In 2007 she got the opportunity to make her first role in the blockbuster Mexican film Tear This Heart Out as Mercedes, working with the renowned Mexican actor Daniel Giménez Cacho and Ana Claudia Talancón with whom she worked again recently at the Mexican TV series Terminales as Vanessa.

In 2008 she obtained her first starring role in the independent film Written in Blood as Nina, where she co-starred with Carlos Ortega and the Uruguayan actress Cecilia Cósero.

She is support actress in the feature film Return, produced and directed by Mexican film director Alejandro González Padilla, where she shares credits along the renowned actor Jaime Camil, Blanca Soto, Daniela Schmidt, Victor Huggo Martin and the Spanish actor Javier Tolosa, this film contested in the 2010 Edition of the New York International Latino Film Festival and earned the Award of the Best Entertaining Picture at the Monaco Charity Film Festival in its 2010 edition.

She moved to France and started acting in two short films and the feature film Bacchanalia a British production filmed in southern France.

== Filmmaking ==

From 2009 to 2011 she produced and co-produced, three short films with her company Fuffá Films Producciones. In self defence based on a story by Guillermo Arriaga, All 4 Nothing starring Silverio Palacios, with 6 nominations from which 2 awards won in the Festival Pantalla de Cristal and her latest co-production in the short " Tell me about meat", directed by Dolores Otero and starring Tenoch Huerta.

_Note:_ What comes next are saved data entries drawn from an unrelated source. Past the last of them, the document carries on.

(* Let the system have Hilbert-space dimension $d$. Let $\mathcal G$ be a set of unitary gates, containing the identity, that is universal (every unitary on the $d$-dimensional space is a limit of finite products of elements of $\mathcal G$), and let $C_{\mathcal G}(U)=\min\{r\in\mathbb N: U=U_r\cdots U_1,\ U_j\in\mathcal G\}$ (infinite if no such finite product exists). Let $\mathcal P$ be a set of projectors containing $\mathbb 1$ and at least one rank-1 projector, and let $\mathcal M^r=\{U^\dagger PU: P\in\mathcal P,\ C_{\mathcal G}(U)\le r\}$, $\mathcal M^\infty=\overline{\bigcup_{r\ge0}\mathcal M^r}$. Let $\mathcal X=\{\log\operatorname{tr}P: P\in\mathcal P\}\subseteq[0,\log d]$ and $q=\sup\{b-a: (a,b)\subseteq[0,\log d]\setminus\mathcal X\}$. Then $\mathcal M^\infty$ is $q$-quasiuniversal with respect to $\mathbb 1$.
   Context: Natural logarithms; POVM effect = operator $0\le Q\le\mathbb 1$; $\overline{\,\cdot\,}$ is topological closure. A set $\mathcal M^\infty$ of POVM effects is $q$-quasiuniversal with respect to a positive semidefinite $\Gamma$ if for every POVM effect $Q$ with $\|Q\|_\infty=1$ and every $g\in(0,1)$ there exist $\tilde Q,\tilde Q'\in\mathcal M^\infty$ with $g\tilde Q\le Q\le(1-g)\tilde Q'+g\mathbb 1$ and $\log\operatorname{tr}(\tilde Q'\Gamma)-\log\operatorname{tr}(\tilde Q\Gamma)\le q$. *)

theory Defs
  imports "HOL-Analysis.Analysis" "HOL-Library.Extended_Nat"
begin

type_synonym 'n cmat = "complex^'n^'n"

definition cadj :: "'n::finite cmat \<Rightarrow> 'n cmat" where
  "cadj A = (\<chi> i j. cnj (A $ j $ i))"

text \<open>Positive semidefinite: the sesquilinear form is real and nonnegative for every vector
(over the complex numbers this also forces A to be Hermitian).\<close>
definition psd :: "'n::finite cmat \<Rightarrow> bool" where
  "psd A \<longleftrightarrow> (\<forall>v::complex^'n.
      let z = (\<Sum>i\<in>UNIV. cnj (v $ i) * (A *v v) $ i) in Im z = 0 \<and> 0 \<le> Re z)"

definition loewner_le :: "'n::finite cmat \<Rightarrow> 'n cmat \<Rightarrow> bool" where
  "loewner_le A B \<longleftrightarrow> psd (B - A)"

definition op_norm :: "'n::finite cmat \<Rightarrow> real" where
  "op_norm A = onorm (\<lambda>v::complex^'n. A *v v)"

definition povm_effect :: "'n::finite cmat \<Rightarrow> bool" where
  "povm_effect Q \<longleftrightarrow> loewner_le 0 Q \<and> loewner_le Q (mat 1)"

definition unitary_mat :: "'n::finite cmat \<Rightarrow> bool" where
  "unitary_mat U \<longleftrightarrow> U ** cadj U = mat 1 \<and> cadj U ** U = mat 1"

definition projector :: "'n::finite cmat \<Rightarrow> bool" where
  "projector P \<longleftrightarrow> P ** P = P \<and> cadj P = P"

text \<open>Product U_r ... U_1 of a list [U_1, ..., U_r] of gates (empty product = identity).\<close>
definition circuit_prod :: "'n::finite cmat list \<Rightarrow> 'n cmat" where
  "circuit_prod Us = foldl (\<lambda>A U. U ** A) (mat 1) Us"

definition universal_gate_set :: "'n::finite cmat set \<Rightarrow> bool" where
  "universal_gate_set G \<longleftrightarrow> (\<forall>U. unitary_mat U \<longrightarrow>
      U \<in> closure {circuit_prod Us | Us. set Us \<subseteq> G})"

definition circuit_complexity :: "'n::finite cmat set \<Rightarrow> 'n cmat \<Rightarrow> enat" where
  "circuit_complexity G U =
     (if \<exists>Us. set Us \<subseteq> G \<and> circuit_prod Us = U
      then enat (LEAST r. \<exists>Us. length Us = r \<and> set Us \<subseteq> G \<and> circuit_prod Us = U)
      else \<infinity>)"

definition M_r :: "'n::finite cmat set \<Rightarrow> 'n cmat set \<Rightarrow> nat \<Rightarrow> 'n cmat set" where
  "M_r G PP r = {cadj U ** P ** U | U P. P \<in> PP \<and> circuit_complexity G U \<le> enat r}"

definition M_infty :: "'n::finite cmat set \<Rightarrow> 'n cmat set \<Rightarrow> 'n cmat set" where
  "M_infty G PP = closure (\<Union>r. M_r G PP r)"

text \<open>q-quasiuniversality w.r.t. Gamma. The paper's log of a vanishing trace is -infinity;
 the positivity conditions on the traces encode that (Isabelle's ln 0 = 0).\<close>
definition quasiuniversal :: "'n::finite cmat set \<Rightarrow> real \<Rightarrow> 'n cmat \<Rightarrow> bool" where
  "quasiuniversal M q \<Gamma> \<longleftrightarrow>
     (\<forall>Q g. povm_effect Q \<and> op_norm Q = 1 \<and> 0 < g \<and> g < 1 \<longrightarrow>
        (\<exists>Qt Qt'. Qt \<in> M \<and> Qt' \<in> M \<and>
           loewner_le (g *\<^sub>R Qt) Q \<and>
           loewner_le Q ((1 - g) *\<^sub>R Qt' + g *\<^sub>R mat 1) \<and>
           0 < Re (trace (Qt ** \<Gamma>)) \<and> 0 < Re (trace (Qt' ** \<Gamma>)) \<and>
           ln (Re (trace (Qt' ** \<Gamma>))) - ln (Re (trace (Qt ** \<Gamma>))) \<le> q))"

end

theory Submission
  imports Defs
begin

text \<open>Diagonalize the effect as Q = V diag(\<lambda>) V\<dagger> with 0 \<le> \<lambda>j \<le> 1 and let K be the set of
  indices with \<lambda>j > g; it is nonempty because Q has operator norm 1. The traces of the projectors
  in P are natural numbers including 1 (the rank-1 projector) and d (the identity), so there are
  traces t1 \<le> |K| \<le> t2 with no trace strictly in between. A projector of trace t is unitarily
  equivalent to the coordinate projector onto any t-element index set; choosing S1 \<subseteq> K \<subseteq> S2 of
  sizes t1, t2 and conjugating with V gives projectors Q1, Q2 diagonal in the eigenbasis of Q,
  so g Q1 \<le> Q \<le> (1 - g) Q2 + g 1 can be checked eigenvalue by eigenvalue. Both lie in the
  closure of the circuit-generated effects because, by universality, every unitary conjugate of an
  element of P is a limit of circuit conjugates. Finally (ln t1, ln t2) avoids all ln-traces, so
  ln t2 - ln t1 \<le> q.\<close>

section \<open>Complex inner product, adjoints and unitaries\<close>

definition cinner :: "complex^'n::finite \<Rightarrow> complex^'n \<Rightarrow> complex" where
  "cinner u v = (\<Sum>i\<in>UNIV. cnj (u $ i) * v $ i)"

lemma psd_iff_cinner:
  "psd A \<longleftrightarrow> (\<forall>v. Im (cinner v (A *v v)) = 0 \<and> 0 \<le> Re (cinner v (A *v v)))"
  by (simp add: psd_def cinner_def Let_def)

lemma cinner_add_left: "cinner (x + y) z = cinner x z + cinner y z"
  by (simp add: cinner_def sum.distrib distrib_right)

lemma cinner_add_right: "cinner z (x + y) = cinner z x + cinner z y"
  by (simp add: cinner_def sum.distrib distrib_left)

lemma cinner_diff_right: "cinner z (x - y) = cinner z x - cinner z y"
  by (simp add: cinner_def sum_subtractf right_diff_distrib)

lemma cinner_scale_left: "cinner (c *s x) z = cnj c * cinner x z"
  by (simp add: cinner_def sum_distrib_left mult.assoc)

lemma cinner_scale_right: "cinner z (c *s x) = c * cinner z x"
  by (simp add: cinner_def sum_distrib_left mult.left_commute)

lemma cinner_scaleR_right: "cinner z (c *\<^sub>R x) = of_real c * cinner z x"
  by (simp add: cinner_def sum_distrib_left) (simp add: scaleR_conv_of_real mult.left_commute)

lemma cinner_sum_right: "cinner z (\<Sum>e\<in>S. f e) = (\<Sum>e\<in>S. cinner z (f e))"
  by (simp add: cinner_def sum_distrib_left sum_component) (rule sum.swap)

lemma cinner_zero_right [simp]: "cinner z 0 = 0"
  by (simp add: cinner_def)

lemma cinner_commute: "cinner u v = cnj (cinner v u)"
  by (simp add: cinner_def mult.commute)

lemma inner_eq_Re_cinner: "inner x y = Re (cinner x y)"
  by (simp add: inner_vec_def cinner_def Re_sum inner_complex_def)

lemma cinner_self: "cinner x x = complex_of_real ((norm x)\<^sup>2)"
proof -
  have "(norm x)\<^sup>2 = (\<Sum>i\<in>UNIV. (cmod (x $ i))\<^sup>2)"
    unfolding norm_vec_def L2_set_def by (simp add: sum_nonneg)
  moreover have "cinner x x = (\<Sum>i\<in>UNIV. complex_of_real ((cmod (x $ i))\<^sup>2))"
    unfolding cinner_def by (intro sum.cong refl) (subst complex_norm_square, simp)
  ultimately show ?thesis by (metis of_real_sum)
qed

lemma cinner_axis_mult_axis: "cinner (axis a 1) ((A::'n::finite cmat) *v axis b 1) = A $ a $ b"
proof -
  have column: "(A *v axis b 1) $ i = A $ i $ b" for i
  proof -
    have "\<And>j. A $ i $ j * (axis b 1 :: complex^'n) $ j = (if j = b then A $ i $ b else 0)"
      by (simp add: axis_def)
    then show ?thesis by (simp add: matrix_vector_mult_def)
  qed
  have "\<And>i. cnj ((axis a 1 :: complex^'n) $ i) * (A *v axis b 1) $ i = (if i = a then A $ a $ b else 0)"
    by (simp only: column) (simp add: axis_def)
  then show ?thesis unfolding cinner_def by simp
qed

lemma matrix_vector_mult_add: "A *v (x + y) = A *v x + A *v (y :: complex^'n::finite)"
  by (simp add: matrix_vector_mult_def vec_eq_iff sum.distrib distrib_left)

lemma matrix_vector_mult_scale: "A *v (c *s x) = c *s (A *v (x :: complex^'n::finite))"
  by (simp add: matrix_vector_mult_def vec_eq_iff sum_distrib_left mult.left_commute)

lemma matrix_vector_mult_scaleR: "A *v (c *\<^sub>R x) = c *\<^sub>R (A *v (x :: complex^'n::finite))"
  by (simp add: matrix_vector_mult_def vec_eq_iff scaleR_sum_right)

lemma scaleR_eq_vector_scale: "(m::real) *\<^sub>R (e::complex^'n) = complex_of_real m *s e"
  by (simp add: vec_eq_iff) (simp add: scaleR_conv_of_real)

lemma cinner_cadj:
  fixes A :: "'n::finite cmat"
  shows "cinner u (A *v v) = cinner (cadj A *v u) v"
proof -
  have "cinner u (A *v v) = (\<Sum>i\<in>UNIV. \<Sum>k\<in>UNIV. cnj (u $ i) * A $ i $ k * v $ k)"
    unfolding cinner_def matrix_vector_mult_def by (simp add: sum_distrib_left mult.assoc)
  also have "\<dots> = (\<Sum>k\<in>UNIV. \<Sum>i\<in>UNIV. cnj (u $ i) * A $ i $ k * v $ k)"
    by (rule sum.swap)
  also have "\<dots> = cinner (cadj A *v u) v"
    unfolding cinner_def matrix_vector_mult_def cadj_def
    by (simp add: sum_distrib_left sum_distrib_right mult.commute mult.left_commute)
  finally show ?thesis .
qed

lemma cadj_cadj [simp]: "cadj (cadj A) = A"
  by (simp add: cadj_def vec_eq_iff)

lemma cadj_matrix_mult: "cadj (A ** B) = cadj B ** cadj A"
  by (simp add: cadj_def vec_eq_iff matrix_matrix_mult_def mult.commute)

lemma hermitian_inner_commute: "cadj A = A \<Longrightarrow> inner x (A *v y) = inner (A *v x) y"
  by (metis cinner_cadj inner_eq_Re_cinner)

lemma psd_imp_hermitian:
  assumes "psd (A::'n::finite cmat)"
  shows "cadj A = A"
proof -
  let ?f = "\<lambda>v. cinner v (A *v v)"
  have real: "Im (?f v) = 0" for v
    using assms by (simp add: psd_iff_cinner)
  have expand: "?f (axis a 1 + c *s axis b 1) = A$a$a + c * A$a$b + cnj c * A$b$a + cnj c * c * A$b$b"
    for a b c
    by (simp add: matrix_vector_mult_add matrix_vector_mult_scale cinner_add_left cinner_add_right
        cinner_scale_left cinner_scale_right cinner_axis_mult_axis algebra_simps)
  have "cadj A $ a $ b = A $ a $ b" for a b
  proof -
    have "Im (A$a$a) = 0" "Im (A$b$b) = 0"
      using real[of "axis a 1"] real[of "axis b 1"] by (simp_all add: cinner_axis_mult_axis)
    moreover have "Im (A$a$a + A$a$b + A$b$a + A$b$b) = 0"
      using real[of "axis a 1 + 1 *s axis b 1"] unfolding expand by simp
    moreover have "Im (A$a$a + \<i> * A$a$b + cnj \<i> * A$b$a + cnj \<i> * \<i> * A$b$b) = 0"
      using real[of "axis a 1 + \<i> *s axis b 1"] unfolding expand .
    ultimately show ?thesis by (simp add: cadj_def complex_eq_iff)
  qed
  then show ?thesis by (simp add: vec_eq_iff)
qed

lemma unitary_mat_matrix_mult: "unitary_mat U \<Longrightarrow> unitary_mat V \<Longrightarrow> unitary_mat (U ** V)"
  unfolding unitary_mat_def cadj_matrix_mult
  by (metis matrix_mul_assoc matrix_mul_lid matrix_mul_rid)

lemma unitary_mat_cadj: "unitary_mat U \<Longrightarrow> unitary_mat (cadj U)"
  by (simp add: unitary_mat_def)

lemma unitary_matI: "cadj U ** U = mat 1 \<Longrightarrow> unitary_mat U"
  by (simp add: unitary_mat_def matrix_left_right_inverse)

lemma cinner_unitary_mult: "unitary_mat V \<Longrightarrow> cinner (V *v x) (V *v y) = cinner x y"
  by (simp add: cinner_cadj matrix_vector_mul_assoc unitary_mat_def)

lemma norm_unitary_mult: "unitary_mat V \<Longrightarrow> norm (V *v x) = norm x"
proof -
  assume "unitary_mat V"
  then have "(norm (V *v x))\<^sup>2 = (norm x)\<^sup>2"
    using cinner_unitary_mult[of V x x] by (simp add: cinner_self flip: of_real_power)
  then show ?thesis by (simp add: power2_eq_iff_nonneg)
qed

section \<open>Unitarily diagonal matrices\<close>

definition diag_mat :: "('n::finite \<Rightarrow> real) \<Rightarrow> 'n cmat" where
  "diag_mat r = (\<chi> i j. if i = j then complex_of_real (r i) else 0)"

abbreviation diag_conj :: "'n::finite cmat \<Rightarrow> ('n \<Rightarrow> real) \<Rightarrow> 'n cmat" where
  "diag_conj V r \<equiv> V ** diag_mat r ** cadj V"

lemma diag_mat_mult_vec: "diag_mat r *v w = (\<chi> j. complex_of_real (r j) * w $ j)"
proof -
  have "\<And>i. (\<Sum>j\<in>UNIV. (if i = j then complex_of_real (r i) else 0) * w $ j) = complex_of_real (r i) * w $ i"
    by (simp add: if_distrib[of "\<lambda>x. x * _"] cong: if_cong)
  then show ?thesis by (simp add: diag_mat_def matrix_vector_mult_def vec_eq_iff)
qed

lemma diag_conj_mult_unitary_vec:
  "unitary_mat V \<Longrightarrow> diag_conj V r *v (V *v w) = V *v (diag_mat r *v w)"
  by (metis matrix_mul_assoc matrix_mul_rid matrix_vector_mul_assoc unitary_mat_def)

lemma cinner_diag_conj:
  assumes "unitary_mat V"
  shows "cinner (V *v w) (diag_conj V r *v (V *v w)) = complex_of_real (\<Sum>j\<in>UNIV. r j * (cmod (w $ j))\<^sup>2)"
proof -
  have "cinner (V *v w) (diag_conj V r *v (V *v w)) = cinner w (diag_mat r *v w)"
    using assms by (simp add: diag_conj_mult_unitary_vec cinner_unitary_mult)
  also have "\<dots> = (\<Sum>j\<in>UNIV. complex_of_real (r j * (cmod (w $ j))\<^sup>2))"
    unfolding cinner_def diag_mat_mult_vec
    by (intro sum.cong refl) (simp add: complex_norm_square[symmetric] mult.commute)
  finally show ?thesis by simp
qed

From 2014 and 2015 she Produce, write and direct 3 short films with her new Production house Magnificus Films.
The short film: Lettres à Steve, Go Vegan, Dehors y La petite porte rouge.

She recently finishing the post-production of her first feature film The strange anatomy of dreams, soon in the film festival circuits. The thirteenth seed is announced to be in development.

== Innovative entrepreneurship ==
Among her interests, besides her acting career and Film-making Mariana Peñalva it’s also involved in science and innovation.

In November 2016 she was invited to give a TEDx Conference to talk about her new Start-up FUNGUS SAPIENS which has noting to do with cinema, but rather Disruptive innovation. Inspired by Biomimicry, Circular economy and The Blue Economy, she developed an agro-biotechnological ecosystem to produce mushrooms and biomaterials made of mushroom mycelium with the aim to fight poverty and pollution.

==Filmography==
- Baccanalia (2013) .... Randy
- Regresa (2010) .... Isabel
- Written in Blood (2009) .... Nina
- Arrancame la vida (2008) .... Mercedes
- Girl with a Pearl Earring (2002) .... Girl at the church
- Original Sin (2000) .... Angelina Jolie double

==Television==
- Bienes Raíces (2010) TV Series .... School Director
- Terminales (2008) TV Series .... Vanessa
- El Pantera (2008) TV Series .... Restaurant Manager
- Tormenta en el paraíso (2008) Telenovela ....Joven Micaela
- La vida es una cancion (2004) TV series .... Veronica, Julieta, Angeles, etc.